• _Directions for this task_: Would you reproduce exactly the lines below from the one holding "(* normaliser N_G(P)" through the one holding "G. (\<lambda>v. g", inclusive, and no others?

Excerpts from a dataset
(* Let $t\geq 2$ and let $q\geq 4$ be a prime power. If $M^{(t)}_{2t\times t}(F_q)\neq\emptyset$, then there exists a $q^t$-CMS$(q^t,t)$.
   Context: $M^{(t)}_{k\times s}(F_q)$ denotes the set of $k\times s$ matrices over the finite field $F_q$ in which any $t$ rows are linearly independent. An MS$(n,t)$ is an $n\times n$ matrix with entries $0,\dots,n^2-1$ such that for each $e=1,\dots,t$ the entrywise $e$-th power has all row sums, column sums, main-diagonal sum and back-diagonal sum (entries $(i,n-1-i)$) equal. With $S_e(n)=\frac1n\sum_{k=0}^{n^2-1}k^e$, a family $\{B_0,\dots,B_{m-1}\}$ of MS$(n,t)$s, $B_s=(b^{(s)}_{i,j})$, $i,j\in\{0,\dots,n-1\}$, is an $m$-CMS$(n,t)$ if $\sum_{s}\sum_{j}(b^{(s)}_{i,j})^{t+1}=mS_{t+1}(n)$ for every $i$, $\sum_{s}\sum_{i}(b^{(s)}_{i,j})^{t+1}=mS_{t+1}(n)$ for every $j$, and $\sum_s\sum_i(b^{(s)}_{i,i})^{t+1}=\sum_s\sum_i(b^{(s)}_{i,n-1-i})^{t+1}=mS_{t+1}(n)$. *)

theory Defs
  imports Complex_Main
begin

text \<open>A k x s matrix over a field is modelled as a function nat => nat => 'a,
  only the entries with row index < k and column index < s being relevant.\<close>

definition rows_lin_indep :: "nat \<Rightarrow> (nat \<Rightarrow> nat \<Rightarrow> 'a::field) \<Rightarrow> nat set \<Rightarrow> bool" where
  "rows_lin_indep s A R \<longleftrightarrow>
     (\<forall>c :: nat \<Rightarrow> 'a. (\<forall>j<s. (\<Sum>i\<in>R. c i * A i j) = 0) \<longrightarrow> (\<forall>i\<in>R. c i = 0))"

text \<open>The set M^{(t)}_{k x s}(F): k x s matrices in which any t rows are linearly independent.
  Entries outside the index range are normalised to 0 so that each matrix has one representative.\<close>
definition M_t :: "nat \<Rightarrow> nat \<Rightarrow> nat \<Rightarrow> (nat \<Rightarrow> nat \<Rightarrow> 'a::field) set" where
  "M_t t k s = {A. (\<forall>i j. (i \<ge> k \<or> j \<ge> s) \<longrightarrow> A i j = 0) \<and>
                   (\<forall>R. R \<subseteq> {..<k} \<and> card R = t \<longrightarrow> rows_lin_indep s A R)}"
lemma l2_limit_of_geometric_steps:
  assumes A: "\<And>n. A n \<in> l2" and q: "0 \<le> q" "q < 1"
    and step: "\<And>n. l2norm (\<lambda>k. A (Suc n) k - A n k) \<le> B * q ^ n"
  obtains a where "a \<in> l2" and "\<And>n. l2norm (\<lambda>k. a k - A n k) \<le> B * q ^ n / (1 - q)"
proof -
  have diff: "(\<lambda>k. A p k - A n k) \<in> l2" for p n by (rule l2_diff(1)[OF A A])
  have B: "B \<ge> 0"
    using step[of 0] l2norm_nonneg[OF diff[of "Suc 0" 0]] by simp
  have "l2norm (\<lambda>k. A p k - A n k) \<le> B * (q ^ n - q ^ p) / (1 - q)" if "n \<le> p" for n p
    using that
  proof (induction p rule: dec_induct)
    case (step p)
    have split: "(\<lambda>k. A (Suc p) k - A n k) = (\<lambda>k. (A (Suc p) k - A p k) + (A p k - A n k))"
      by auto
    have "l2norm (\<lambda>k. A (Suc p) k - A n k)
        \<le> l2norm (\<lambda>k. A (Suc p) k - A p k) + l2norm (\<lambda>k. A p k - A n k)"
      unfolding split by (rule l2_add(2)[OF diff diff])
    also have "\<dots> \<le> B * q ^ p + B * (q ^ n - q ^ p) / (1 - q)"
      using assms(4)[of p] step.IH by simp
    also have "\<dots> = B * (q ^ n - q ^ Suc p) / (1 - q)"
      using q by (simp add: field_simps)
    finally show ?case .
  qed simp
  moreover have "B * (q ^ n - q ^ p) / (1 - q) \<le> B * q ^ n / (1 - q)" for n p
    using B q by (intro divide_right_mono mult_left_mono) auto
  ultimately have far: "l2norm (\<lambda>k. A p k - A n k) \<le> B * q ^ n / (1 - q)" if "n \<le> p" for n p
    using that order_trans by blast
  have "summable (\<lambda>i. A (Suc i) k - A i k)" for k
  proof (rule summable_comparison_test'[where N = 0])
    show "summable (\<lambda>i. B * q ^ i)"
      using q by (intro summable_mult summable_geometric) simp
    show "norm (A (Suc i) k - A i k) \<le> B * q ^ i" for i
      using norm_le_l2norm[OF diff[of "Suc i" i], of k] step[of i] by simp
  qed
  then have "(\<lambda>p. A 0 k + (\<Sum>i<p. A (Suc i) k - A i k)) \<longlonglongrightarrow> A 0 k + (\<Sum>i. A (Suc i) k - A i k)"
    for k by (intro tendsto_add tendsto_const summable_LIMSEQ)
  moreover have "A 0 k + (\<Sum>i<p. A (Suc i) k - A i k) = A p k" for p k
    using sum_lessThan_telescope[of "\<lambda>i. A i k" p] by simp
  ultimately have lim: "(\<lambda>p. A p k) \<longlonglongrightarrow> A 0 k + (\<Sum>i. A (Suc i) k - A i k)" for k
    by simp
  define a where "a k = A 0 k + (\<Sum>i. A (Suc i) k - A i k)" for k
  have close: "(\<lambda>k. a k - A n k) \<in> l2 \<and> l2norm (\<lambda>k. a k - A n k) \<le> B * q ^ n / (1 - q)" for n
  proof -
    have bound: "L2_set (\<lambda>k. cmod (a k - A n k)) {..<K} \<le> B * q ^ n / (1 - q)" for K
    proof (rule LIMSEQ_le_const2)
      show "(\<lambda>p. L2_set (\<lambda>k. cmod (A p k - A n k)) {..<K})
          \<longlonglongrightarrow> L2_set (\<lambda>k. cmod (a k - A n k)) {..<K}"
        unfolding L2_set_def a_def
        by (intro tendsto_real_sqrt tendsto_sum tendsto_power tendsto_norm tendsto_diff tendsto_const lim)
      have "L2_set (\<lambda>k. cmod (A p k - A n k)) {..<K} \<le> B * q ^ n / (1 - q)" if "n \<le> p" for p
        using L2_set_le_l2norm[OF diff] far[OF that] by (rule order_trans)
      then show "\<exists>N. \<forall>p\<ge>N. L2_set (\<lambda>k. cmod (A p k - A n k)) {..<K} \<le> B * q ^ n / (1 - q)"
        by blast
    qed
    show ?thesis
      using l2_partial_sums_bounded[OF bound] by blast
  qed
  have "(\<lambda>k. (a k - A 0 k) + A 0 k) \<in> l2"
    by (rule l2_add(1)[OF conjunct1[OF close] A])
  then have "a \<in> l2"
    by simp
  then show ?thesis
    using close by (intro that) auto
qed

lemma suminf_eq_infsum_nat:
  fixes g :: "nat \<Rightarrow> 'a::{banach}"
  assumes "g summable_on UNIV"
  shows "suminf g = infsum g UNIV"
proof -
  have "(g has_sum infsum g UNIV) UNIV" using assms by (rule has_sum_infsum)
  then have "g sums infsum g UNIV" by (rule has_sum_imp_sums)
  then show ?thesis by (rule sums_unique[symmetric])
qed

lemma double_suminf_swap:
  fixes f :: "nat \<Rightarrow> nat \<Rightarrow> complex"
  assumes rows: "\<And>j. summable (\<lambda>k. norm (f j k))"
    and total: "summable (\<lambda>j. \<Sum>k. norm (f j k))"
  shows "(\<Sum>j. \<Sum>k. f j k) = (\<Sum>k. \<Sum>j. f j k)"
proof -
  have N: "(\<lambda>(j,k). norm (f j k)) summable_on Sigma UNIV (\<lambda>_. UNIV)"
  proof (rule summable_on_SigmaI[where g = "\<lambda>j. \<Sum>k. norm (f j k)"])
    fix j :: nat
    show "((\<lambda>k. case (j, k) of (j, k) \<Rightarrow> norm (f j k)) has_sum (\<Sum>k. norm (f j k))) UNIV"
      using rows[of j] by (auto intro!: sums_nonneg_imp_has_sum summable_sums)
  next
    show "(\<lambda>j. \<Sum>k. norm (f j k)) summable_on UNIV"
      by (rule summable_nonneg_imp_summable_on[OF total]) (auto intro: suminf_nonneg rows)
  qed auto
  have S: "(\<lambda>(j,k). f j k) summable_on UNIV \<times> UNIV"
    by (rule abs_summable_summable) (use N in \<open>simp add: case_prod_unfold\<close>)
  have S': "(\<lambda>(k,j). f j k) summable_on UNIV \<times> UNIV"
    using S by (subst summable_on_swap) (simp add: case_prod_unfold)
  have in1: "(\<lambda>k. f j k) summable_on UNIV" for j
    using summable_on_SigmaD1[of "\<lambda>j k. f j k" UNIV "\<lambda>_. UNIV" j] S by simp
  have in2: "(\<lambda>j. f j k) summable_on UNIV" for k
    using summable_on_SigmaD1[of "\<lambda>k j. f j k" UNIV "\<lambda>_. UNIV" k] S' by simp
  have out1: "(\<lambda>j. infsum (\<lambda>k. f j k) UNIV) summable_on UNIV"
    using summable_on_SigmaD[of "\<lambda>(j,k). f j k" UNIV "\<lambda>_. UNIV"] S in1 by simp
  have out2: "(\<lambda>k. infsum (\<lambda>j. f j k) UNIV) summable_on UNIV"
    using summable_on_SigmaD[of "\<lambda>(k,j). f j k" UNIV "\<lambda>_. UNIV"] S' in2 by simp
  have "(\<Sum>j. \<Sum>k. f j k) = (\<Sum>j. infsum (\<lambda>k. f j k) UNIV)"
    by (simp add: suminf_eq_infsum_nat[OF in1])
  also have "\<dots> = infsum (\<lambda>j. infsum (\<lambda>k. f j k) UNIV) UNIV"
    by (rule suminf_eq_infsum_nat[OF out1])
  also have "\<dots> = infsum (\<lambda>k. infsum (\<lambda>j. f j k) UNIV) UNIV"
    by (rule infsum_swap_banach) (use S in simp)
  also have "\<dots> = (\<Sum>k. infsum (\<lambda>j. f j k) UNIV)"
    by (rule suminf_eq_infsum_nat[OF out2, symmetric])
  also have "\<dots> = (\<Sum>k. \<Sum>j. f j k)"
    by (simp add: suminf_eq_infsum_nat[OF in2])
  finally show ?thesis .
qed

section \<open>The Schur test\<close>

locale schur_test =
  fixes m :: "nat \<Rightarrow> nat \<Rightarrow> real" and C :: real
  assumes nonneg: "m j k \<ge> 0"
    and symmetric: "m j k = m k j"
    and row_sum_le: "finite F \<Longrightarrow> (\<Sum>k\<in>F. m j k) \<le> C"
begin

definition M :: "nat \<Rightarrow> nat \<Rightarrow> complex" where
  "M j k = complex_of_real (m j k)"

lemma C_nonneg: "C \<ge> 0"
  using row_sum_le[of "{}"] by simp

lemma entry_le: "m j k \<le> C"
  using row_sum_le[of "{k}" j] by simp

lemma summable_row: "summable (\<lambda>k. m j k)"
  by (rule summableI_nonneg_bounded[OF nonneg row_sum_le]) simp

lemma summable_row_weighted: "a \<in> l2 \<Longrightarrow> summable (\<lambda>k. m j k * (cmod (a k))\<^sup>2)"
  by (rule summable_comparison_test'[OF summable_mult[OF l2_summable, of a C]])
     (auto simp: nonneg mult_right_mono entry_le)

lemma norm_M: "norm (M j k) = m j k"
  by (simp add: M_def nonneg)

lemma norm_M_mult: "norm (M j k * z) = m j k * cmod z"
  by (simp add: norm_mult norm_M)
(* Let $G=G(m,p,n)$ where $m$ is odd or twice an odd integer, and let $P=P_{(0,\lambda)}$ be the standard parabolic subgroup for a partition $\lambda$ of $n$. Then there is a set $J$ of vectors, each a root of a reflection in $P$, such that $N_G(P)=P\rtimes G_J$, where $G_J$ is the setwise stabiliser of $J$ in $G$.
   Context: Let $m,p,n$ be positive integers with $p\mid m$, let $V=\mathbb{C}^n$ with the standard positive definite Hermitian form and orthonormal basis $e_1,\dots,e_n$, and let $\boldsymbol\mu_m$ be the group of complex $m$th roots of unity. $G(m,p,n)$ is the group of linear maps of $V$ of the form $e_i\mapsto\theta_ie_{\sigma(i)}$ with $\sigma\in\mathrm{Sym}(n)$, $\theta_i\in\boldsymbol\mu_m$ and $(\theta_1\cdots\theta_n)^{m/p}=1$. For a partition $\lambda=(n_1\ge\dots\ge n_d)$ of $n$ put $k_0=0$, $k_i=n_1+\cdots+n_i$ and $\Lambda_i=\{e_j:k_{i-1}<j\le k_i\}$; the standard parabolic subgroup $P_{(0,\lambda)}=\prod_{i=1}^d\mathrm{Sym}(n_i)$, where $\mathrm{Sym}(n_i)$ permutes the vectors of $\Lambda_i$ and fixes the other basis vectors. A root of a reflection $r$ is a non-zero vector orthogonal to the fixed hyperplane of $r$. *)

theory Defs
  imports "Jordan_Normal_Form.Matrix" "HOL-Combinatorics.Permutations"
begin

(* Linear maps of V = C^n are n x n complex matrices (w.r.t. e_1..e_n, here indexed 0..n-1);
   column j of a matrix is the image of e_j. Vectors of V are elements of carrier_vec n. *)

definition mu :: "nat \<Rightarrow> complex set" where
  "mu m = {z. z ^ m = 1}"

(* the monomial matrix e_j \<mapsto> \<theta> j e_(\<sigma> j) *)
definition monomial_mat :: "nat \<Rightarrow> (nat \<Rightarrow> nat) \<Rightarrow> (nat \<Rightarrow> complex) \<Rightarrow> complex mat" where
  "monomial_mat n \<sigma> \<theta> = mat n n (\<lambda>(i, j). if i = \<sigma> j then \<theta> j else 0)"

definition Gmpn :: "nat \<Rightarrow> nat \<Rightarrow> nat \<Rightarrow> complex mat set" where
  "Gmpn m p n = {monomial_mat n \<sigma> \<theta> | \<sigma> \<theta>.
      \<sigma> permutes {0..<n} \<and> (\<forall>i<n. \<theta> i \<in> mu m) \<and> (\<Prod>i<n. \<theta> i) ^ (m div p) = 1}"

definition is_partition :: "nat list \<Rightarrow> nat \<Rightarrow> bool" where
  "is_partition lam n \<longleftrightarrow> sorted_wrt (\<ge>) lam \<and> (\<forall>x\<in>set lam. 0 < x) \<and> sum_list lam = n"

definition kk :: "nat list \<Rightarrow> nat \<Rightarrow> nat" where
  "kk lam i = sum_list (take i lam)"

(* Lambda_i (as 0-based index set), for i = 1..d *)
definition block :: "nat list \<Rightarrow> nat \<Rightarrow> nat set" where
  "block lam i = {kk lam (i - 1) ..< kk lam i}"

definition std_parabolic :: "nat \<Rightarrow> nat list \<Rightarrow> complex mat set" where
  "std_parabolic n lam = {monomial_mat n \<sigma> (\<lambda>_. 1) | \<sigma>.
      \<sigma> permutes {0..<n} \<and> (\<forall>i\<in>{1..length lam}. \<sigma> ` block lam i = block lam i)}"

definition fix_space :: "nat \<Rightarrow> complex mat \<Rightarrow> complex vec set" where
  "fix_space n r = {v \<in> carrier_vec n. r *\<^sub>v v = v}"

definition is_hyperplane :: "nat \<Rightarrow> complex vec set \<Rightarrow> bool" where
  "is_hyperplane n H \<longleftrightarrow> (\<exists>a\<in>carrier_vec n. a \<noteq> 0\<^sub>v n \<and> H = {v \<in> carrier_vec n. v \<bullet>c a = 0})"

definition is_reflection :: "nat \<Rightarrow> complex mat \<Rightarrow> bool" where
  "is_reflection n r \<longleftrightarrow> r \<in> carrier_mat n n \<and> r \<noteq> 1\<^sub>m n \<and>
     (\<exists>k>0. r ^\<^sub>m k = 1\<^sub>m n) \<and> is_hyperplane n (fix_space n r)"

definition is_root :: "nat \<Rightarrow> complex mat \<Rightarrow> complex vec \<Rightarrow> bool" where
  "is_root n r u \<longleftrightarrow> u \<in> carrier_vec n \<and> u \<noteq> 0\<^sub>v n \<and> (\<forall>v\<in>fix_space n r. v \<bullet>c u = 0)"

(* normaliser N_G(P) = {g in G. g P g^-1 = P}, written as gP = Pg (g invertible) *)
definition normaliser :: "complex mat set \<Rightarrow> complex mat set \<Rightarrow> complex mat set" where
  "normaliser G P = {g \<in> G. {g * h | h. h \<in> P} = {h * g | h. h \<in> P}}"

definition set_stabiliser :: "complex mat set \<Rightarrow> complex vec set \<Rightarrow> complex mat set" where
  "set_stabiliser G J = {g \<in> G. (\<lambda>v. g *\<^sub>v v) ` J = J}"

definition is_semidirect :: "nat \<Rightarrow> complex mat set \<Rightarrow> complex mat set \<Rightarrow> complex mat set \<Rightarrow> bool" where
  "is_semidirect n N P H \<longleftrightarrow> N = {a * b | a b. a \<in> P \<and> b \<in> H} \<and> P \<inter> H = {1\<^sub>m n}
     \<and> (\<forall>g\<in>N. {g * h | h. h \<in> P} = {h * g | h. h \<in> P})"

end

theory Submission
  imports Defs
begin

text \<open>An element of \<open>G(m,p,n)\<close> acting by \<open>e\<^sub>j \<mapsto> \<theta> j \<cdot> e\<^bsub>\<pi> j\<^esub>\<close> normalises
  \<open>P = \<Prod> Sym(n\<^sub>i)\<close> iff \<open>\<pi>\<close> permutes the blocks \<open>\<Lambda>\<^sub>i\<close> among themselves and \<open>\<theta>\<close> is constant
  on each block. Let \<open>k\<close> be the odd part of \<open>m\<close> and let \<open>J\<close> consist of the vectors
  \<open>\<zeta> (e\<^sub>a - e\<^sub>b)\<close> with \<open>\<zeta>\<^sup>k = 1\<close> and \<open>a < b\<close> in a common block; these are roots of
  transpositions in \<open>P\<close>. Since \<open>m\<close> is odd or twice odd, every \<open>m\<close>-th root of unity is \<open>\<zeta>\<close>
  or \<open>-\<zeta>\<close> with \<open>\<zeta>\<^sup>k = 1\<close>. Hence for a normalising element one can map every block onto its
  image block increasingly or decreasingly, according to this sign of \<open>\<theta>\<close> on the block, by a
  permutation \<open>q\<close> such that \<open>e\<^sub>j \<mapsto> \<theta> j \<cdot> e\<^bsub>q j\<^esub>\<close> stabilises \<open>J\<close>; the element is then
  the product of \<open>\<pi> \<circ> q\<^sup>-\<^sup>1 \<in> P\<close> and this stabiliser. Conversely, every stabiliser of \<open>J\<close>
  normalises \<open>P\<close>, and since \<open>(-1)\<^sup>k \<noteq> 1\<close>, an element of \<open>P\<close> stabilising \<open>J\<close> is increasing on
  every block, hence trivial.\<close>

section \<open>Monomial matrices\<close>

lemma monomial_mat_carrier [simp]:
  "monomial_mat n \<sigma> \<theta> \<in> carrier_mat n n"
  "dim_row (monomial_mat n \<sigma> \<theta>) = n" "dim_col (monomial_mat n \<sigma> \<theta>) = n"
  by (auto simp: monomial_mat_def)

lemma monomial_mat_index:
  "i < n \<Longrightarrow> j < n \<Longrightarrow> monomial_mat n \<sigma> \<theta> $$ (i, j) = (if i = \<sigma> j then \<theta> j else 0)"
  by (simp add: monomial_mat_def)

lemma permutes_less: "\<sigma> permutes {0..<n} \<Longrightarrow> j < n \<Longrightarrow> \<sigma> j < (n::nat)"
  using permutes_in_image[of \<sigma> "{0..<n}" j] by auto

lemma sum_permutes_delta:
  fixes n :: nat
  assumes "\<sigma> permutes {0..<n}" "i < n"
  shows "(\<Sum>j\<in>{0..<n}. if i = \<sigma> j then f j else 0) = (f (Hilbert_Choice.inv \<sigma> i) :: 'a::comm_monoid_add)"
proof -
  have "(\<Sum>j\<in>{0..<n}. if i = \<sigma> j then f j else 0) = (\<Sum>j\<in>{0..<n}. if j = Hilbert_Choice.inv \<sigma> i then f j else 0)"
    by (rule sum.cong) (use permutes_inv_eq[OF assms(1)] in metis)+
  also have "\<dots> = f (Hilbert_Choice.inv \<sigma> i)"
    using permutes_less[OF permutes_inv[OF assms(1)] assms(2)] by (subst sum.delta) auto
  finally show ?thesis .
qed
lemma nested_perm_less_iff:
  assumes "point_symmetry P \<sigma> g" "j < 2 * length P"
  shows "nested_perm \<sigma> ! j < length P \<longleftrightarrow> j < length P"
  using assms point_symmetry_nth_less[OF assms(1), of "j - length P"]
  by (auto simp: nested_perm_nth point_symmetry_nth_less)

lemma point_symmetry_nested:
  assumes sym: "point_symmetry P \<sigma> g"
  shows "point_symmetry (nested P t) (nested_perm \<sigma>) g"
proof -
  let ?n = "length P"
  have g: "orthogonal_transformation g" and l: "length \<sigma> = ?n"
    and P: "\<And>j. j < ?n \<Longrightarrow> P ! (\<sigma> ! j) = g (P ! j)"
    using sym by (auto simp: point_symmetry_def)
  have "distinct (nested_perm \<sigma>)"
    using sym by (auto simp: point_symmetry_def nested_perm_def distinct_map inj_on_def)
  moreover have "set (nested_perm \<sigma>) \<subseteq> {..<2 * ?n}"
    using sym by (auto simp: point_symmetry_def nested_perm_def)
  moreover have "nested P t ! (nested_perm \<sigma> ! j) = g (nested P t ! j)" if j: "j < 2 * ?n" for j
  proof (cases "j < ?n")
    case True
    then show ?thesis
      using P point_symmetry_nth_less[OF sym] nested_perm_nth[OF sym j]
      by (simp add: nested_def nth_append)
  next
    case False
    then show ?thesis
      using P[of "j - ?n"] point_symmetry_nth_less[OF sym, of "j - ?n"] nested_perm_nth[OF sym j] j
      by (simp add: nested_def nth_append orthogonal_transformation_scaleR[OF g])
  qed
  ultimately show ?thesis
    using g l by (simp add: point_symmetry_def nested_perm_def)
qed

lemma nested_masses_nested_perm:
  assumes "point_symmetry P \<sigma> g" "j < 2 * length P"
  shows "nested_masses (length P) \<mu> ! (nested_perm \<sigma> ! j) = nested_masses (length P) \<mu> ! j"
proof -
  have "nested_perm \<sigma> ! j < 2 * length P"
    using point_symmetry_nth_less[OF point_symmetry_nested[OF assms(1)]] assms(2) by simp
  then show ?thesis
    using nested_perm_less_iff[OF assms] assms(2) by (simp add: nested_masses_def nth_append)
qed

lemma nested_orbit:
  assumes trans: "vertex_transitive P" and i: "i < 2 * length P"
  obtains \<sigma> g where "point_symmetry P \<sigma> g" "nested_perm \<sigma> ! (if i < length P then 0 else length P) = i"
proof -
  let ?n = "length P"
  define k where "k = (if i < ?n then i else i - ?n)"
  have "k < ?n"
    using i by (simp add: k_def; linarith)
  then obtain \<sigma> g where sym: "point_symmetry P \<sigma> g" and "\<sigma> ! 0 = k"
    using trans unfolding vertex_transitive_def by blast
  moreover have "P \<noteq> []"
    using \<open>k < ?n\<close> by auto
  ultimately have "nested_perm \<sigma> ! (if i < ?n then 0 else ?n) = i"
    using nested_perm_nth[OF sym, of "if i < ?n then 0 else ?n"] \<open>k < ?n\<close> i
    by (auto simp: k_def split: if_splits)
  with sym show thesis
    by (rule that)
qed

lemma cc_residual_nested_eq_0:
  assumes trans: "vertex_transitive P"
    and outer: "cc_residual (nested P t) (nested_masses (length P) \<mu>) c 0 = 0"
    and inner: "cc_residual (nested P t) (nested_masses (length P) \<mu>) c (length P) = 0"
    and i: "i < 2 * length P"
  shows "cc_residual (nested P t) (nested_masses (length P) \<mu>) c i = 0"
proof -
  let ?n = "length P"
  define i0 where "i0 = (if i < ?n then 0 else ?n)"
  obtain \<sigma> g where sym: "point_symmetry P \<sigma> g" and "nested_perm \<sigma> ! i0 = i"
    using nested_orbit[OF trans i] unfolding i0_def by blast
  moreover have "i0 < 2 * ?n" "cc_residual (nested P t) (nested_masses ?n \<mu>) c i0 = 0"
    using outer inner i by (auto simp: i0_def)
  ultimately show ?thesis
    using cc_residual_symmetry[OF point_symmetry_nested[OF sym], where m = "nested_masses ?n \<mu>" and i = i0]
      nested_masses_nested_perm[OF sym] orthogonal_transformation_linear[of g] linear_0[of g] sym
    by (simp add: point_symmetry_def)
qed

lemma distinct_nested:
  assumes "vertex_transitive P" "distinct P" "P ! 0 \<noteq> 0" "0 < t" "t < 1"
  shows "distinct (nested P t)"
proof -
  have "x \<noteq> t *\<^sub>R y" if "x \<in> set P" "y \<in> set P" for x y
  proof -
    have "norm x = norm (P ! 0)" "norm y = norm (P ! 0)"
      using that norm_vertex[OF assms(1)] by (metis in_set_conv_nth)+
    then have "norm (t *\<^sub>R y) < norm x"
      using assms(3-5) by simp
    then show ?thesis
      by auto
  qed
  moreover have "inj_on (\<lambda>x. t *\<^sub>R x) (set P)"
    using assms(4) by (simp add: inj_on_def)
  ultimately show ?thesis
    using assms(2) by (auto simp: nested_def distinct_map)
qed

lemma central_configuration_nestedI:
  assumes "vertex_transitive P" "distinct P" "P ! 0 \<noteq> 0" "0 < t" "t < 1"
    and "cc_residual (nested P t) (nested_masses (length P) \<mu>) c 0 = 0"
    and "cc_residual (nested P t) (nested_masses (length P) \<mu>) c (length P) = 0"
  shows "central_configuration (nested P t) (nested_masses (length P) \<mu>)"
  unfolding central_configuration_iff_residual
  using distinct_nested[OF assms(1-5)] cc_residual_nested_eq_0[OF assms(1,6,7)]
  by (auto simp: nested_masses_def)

• _Answer to this exercise_:
(* normaliser N_G(P) = {g in G. g P g^-1 = P}, written as gP = Pg (g invertible) *)
definition normaliser :: "complex mat set \<Rightarrow> complex mat set \<Rightarrow> complex mat set" where
  "normaliser G P = {g \<in> G. {g * h | h. h \<in> P} = {h * g | h. h \<in> P}}"

definition set_stabiliser :: "complex mat set \<Rightarrow> complex vec set \<Rightarrow> complex mat set" where
  "set_stabiliser G J = {g \<in> G. (\<lambda>v. g *\<^sub>v v) ` J = J}"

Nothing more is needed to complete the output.